Data records =
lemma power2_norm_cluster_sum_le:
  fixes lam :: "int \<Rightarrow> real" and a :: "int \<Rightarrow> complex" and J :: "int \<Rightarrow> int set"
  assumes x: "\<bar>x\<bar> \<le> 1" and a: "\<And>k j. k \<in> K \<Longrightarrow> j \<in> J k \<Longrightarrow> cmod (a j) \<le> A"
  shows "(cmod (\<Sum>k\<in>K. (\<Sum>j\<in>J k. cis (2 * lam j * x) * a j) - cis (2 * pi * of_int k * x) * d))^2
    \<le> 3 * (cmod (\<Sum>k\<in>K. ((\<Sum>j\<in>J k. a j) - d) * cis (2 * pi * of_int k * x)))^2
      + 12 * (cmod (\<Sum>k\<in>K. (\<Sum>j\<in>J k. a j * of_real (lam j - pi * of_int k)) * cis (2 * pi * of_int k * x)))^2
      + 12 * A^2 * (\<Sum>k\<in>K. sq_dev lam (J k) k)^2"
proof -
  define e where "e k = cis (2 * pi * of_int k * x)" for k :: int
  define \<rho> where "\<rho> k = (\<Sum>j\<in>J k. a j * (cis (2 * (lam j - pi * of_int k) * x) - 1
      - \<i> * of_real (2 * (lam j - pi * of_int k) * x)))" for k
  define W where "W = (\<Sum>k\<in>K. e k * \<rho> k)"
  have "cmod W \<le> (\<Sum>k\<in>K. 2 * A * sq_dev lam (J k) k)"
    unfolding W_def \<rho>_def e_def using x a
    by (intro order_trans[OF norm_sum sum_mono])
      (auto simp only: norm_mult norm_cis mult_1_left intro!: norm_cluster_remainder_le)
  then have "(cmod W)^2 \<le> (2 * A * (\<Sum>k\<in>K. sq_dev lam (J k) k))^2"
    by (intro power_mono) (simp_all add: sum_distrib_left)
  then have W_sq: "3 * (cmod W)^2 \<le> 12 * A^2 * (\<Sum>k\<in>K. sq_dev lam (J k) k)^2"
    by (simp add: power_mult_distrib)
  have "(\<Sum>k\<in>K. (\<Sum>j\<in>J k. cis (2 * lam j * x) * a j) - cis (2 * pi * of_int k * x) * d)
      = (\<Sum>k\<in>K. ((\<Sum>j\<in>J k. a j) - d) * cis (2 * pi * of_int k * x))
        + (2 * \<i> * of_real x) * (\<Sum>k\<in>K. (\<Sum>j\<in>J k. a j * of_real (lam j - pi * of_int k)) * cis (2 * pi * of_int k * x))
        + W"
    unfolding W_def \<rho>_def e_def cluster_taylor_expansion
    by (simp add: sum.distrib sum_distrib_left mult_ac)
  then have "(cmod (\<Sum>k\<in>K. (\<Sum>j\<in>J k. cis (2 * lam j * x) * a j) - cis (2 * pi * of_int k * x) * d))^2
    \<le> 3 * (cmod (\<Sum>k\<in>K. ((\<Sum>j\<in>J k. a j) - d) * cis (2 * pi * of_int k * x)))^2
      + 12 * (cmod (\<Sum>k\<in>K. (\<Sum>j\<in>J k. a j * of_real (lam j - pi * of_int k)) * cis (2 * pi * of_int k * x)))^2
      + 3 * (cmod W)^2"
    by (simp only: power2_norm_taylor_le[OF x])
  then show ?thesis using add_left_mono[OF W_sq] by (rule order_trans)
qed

About this task = How many lines of the material contain the string "only"? Answer with the number and nothing else.

Output for this exercise = 2